## [What you should do]
Find each line in the following listing that has the string "rule", then state the count and nothing else.

## [Material to process]
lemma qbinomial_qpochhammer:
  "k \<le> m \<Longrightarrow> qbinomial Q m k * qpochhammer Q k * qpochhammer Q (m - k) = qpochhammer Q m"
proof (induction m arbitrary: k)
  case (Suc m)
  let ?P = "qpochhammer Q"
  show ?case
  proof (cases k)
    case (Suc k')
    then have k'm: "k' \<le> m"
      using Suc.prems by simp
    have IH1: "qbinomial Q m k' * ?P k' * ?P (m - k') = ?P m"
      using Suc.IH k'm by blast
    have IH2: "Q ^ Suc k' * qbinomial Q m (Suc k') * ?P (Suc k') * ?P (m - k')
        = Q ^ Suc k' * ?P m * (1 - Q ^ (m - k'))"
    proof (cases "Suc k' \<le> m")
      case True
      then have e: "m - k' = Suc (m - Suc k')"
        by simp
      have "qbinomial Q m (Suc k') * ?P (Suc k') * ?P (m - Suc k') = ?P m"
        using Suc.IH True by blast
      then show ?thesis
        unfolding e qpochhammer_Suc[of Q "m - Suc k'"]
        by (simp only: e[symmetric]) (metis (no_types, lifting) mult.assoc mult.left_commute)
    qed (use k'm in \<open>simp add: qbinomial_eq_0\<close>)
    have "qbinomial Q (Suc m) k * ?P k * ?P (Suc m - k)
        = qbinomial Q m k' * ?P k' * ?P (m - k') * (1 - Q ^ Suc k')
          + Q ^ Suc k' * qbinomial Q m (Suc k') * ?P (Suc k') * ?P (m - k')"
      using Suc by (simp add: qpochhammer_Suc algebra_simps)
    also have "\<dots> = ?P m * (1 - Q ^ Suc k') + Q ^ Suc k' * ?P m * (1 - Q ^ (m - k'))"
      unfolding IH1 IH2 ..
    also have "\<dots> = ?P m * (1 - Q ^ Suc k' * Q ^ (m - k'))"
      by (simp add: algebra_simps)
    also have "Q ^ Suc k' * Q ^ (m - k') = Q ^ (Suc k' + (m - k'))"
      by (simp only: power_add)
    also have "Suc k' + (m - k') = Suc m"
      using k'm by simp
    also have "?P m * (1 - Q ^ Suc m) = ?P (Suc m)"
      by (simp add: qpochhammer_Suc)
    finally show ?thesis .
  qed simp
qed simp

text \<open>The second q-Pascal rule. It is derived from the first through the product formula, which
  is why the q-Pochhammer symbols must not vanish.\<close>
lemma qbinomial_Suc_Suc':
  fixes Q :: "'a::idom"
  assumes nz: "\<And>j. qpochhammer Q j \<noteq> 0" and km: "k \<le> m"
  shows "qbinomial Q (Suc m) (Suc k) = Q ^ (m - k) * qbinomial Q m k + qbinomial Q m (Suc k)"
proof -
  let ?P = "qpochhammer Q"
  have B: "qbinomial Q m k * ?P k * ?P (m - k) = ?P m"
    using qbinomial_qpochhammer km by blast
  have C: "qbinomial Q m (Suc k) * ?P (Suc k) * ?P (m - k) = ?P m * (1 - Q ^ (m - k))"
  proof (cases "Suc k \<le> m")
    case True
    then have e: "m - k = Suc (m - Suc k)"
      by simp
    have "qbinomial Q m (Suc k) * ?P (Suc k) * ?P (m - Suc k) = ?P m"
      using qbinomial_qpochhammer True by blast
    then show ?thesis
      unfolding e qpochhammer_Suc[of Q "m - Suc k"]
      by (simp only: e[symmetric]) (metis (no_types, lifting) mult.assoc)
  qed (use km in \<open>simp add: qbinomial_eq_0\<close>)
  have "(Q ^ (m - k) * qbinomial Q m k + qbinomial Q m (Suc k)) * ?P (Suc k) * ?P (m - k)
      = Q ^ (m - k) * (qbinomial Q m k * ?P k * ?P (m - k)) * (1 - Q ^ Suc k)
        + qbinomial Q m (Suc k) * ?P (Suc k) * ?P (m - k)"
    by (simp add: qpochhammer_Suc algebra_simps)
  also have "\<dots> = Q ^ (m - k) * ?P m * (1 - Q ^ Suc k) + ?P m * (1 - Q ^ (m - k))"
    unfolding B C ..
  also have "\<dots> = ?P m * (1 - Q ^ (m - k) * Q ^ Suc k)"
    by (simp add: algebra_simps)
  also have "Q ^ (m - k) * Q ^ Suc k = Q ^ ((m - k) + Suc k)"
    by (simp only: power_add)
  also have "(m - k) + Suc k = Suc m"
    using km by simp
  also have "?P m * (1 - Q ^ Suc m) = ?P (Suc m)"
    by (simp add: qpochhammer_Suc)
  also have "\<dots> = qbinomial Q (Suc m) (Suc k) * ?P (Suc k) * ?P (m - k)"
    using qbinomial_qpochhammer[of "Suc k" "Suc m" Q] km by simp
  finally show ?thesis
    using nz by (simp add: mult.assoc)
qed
* * *
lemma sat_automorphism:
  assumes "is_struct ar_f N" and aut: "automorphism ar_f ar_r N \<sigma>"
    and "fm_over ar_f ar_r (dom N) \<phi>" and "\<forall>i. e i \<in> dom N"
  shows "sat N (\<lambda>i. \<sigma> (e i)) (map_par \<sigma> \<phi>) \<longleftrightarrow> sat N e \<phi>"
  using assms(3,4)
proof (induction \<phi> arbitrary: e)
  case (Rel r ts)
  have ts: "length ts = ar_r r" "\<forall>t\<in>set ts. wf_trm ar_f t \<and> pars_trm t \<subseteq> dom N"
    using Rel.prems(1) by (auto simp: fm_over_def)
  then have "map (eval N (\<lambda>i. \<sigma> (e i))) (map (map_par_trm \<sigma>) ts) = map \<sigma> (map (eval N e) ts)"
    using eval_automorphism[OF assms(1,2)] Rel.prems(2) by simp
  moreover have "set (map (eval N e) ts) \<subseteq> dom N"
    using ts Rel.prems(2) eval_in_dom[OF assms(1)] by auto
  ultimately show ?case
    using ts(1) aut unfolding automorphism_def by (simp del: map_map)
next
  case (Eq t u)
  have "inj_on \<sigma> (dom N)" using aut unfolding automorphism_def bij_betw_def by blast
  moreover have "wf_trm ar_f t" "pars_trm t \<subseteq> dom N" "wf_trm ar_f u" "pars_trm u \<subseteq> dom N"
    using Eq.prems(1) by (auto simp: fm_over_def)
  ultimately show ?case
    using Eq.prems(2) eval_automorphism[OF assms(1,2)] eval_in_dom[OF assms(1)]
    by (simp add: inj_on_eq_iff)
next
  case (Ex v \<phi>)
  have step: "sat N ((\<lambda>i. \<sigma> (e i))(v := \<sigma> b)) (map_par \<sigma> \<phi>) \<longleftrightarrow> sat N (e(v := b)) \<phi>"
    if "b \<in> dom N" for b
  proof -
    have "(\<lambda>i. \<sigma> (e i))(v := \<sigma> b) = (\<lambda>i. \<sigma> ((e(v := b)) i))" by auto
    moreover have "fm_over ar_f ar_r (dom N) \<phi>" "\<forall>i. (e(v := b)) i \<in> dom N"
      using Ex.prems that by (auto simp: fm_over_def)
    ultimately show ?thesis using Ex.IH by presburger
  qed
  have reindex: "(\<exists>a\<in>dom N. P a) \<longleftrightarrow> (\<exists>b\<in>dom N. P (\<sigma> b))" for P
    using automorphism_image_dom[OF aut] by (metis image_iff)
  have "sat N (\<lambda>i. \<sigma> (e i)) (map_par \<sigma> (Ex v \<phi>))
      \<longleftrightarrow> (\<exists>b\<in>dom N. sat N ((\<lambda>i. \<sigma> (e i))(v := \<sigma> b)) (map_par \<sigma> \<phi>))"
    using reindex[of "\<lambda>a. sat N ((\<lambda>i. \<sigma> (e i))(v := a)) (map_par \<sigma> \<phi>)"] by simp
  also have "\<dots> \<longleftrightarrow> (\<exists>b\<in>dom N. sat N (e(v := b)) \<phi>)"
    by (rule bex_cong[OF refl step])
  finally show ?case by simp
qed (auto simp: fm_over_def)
* * *
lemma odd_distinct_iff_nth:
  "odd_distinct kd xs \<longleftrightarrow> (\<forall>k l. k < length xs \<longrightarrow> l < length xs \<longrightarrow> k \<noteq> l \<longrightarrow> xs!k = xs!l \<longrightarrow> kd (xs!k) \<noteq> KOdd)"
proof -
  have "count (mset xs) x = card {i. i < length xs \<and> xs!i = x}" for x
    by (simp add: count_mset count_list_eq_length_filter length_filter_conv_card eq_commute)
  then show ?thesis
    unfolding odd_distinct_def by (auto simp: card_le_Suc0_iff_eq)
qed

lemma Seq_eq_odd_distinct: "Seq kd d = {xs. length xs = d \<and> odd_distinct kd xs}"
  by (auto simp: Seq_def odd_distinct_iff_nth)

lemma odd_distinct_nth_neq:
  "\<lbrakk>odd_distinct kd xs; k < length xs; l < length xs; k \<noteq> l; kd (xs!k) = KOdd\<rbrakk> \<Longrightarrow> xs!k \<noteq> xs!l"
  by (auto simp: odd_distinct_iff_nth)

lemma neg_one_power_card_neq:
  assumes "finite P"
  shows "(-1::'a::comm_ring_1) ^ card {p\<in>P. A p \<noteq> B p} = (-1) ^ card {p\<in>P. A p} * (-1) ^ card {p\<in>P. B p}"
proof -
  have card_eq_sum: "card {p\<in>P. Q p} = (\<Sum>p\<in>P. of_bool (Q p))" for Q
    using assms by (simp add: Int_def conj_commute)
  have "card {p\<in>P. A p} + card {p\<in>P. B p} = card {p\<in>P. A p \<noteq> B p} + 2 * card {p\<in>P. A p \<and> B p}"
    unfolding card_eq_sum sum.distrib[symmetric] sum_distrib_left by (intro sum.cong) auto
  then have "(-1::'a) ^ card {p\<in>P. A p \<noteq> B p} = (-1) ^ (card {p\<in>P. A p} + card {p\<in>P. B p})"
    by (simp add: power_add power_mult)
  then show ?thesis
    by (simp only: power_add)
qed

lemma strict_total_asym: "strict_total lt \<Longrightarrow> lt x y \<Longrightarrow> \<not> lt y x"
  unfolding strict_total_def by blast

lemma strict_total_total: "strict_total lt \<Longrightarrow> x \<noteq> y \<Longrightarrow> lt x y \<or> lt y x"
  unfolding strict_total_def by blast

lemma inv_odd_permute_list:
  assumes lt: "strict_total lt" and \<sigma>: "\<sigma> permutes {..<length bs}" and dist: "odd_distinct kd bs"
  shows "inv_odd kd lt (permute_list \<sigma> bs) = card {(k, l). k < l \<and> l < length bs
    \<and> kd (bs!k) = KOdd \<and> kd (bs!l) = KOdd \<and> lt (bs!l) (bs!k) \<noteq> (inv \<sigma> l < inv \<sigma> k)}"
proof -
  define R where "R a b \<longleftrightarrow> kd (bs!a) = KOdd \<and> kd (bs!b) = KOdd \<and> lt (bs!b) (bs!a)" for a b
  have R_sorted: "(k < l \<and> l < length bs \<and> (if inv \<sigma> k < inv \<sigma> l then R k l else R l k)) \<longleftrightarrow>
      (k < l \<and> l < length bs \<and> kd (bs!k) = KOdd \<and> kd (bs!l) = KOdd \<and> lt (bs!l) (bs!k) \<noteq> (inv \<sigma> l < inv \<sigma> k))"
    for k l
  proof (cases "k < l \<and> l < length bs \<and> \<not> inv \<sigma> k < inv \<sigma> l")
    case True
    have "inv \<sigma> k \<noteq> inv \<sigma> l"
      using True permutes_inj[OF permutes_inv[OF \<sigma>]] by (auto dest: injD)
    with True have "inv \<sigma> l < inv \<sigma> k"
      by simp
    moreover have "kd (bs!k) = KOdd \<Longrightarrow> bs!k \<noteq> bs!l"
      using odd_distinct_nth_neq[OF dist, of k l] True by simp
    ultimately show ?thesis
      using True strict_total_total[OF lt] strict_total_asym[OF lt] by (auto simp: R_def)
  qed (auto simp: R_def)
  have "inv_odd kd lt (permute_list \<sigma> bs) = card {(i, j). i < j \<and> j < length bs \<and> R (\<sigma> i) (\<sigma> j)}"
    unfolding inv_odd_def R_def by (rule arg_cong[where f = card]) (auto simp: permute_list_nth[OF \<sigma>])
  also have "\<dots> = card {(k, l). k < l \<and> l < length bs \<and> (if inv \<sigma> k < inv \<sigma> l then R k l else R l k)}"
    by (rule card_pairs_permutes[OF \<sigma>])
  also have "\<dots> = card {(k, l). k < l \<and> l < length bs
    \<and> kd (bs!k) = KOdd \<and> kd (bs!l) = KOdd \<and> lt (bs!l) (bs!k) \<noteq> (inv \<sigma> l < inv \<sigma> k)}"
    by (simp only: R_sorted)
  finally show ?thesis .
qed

## [Task output]
4